Filter the material below down to the lines containing the word "assumes".

_GIVEN DATA_.
=-=-=-=-=
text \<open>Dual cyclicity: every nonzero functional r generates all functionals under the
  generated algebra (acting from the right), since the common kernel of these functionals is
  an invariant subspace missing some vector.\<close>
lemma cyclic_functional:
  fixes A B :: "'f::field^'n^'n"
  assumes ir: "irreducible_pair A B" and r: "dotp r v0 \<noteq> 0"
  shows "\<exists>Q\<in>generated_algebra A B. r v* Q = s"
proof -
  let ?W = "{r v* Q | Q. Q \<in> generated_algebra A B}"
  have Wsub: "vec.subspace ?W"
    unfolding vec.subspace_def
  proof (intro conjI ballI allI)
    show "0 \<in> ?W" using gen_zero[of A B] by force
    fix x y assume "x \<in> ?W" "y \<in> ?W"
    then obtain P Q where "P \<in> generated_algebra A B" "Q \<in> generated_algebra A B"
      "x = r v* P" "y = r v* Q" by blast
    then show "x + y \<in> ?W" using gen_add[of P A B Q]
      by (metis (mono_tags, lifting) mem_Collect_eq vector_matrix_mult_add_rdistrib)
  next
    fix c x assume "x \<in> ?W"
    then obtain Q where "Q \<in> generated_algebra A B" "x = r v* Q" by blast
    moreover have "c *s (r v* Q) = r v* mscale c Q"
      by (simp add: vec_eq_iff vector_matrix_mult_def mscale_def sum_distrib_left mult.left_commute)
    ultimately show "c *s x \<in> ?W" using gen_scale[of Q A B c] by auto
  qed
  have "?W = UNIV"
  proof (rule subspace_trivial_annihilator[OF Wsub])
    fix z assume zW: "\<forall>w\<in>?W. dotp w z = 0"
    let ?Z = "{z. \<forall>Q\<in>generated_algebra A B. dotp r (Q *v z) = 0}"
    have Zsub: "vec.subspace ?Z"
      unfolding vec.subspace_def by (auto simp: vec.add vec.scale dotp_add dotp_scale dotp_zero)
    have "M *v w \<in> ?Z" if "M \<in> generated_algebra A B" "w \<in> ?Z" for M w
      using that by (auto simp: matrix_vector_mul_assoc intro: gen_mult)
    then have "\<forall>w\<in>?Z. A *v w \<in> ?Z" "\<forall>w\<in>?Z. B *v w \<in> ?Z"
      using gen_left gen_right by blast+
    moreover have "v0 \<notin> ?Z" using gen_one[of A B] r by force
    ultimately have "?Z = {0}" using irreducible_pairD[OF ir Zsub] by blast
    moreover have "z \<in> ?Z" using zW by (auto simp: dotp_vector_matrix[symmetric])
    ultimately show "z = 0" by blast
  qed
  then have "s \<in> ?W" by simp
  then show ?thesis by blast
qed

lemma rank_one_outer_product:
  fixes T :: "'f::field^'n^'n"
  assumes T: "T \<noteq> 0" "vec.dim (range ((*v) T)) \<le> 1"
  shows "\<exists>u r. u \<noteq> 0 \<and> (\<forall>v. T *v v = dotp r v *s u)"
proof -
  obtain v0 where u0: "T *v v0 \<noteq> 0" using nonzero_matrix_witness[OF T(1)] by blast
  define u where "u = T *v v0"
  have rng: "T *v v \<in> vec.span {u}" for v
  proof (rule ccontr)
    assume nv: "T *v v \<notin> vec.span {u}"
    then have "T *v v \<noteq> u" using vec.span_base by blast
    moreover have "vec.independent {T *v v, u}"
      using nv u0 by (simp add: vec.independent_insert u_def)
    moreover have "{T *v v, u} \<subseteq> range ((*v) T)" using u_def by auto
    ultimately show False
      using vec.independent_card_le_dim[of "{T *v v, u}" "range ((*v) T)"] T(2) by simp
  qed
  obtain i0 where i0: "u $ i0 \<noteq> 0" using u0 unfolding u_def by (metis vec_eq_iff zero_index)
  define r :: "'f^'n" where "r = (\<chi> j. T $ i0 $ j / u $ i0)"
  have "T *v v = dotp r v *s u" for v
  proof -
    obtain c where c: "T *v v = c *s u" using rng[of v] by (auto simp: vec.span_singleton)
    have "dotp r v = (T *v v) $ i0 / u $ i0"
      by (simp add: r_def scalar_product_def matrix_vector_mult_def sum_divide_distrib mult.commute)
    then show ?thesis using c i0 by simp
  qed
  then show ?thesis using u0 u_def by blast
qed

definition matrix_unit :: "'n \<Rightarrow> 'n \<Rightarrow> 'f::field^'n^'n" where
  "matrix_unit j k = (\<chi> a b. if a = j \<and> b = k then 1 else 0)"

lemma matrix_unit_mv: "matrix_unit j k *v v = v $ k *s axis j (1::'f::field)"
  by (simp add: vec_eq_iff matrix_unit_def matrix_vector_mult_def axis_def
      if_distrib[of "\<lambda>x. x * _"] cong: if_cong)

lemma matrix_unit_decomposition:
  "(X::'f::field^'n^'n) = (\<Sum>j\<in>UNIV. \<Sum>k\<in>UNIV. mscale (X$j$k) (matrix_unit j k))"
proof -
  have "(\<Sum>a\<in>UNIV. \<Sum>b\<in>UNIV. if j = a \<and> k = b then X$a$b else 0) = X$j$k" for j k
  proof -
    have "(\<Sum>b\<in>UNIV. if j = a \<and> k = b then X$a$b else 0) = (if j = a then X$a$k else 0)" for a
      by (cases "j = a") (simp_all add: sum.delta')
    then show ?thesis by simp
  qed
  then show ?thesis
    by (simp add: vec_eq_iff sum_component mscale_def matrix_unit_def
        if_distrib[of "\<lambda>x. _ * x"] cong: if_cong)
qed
=-=-=-=-=
_RESPONSE TO THIS TASK_.
  assumes ir: "irreducible_pair A B" and r: "dotp r v0 \<noteq> 0"
  assumes T: "T \<noteq> 0" "vec.dim (range ((*v) T)) \<le> 1"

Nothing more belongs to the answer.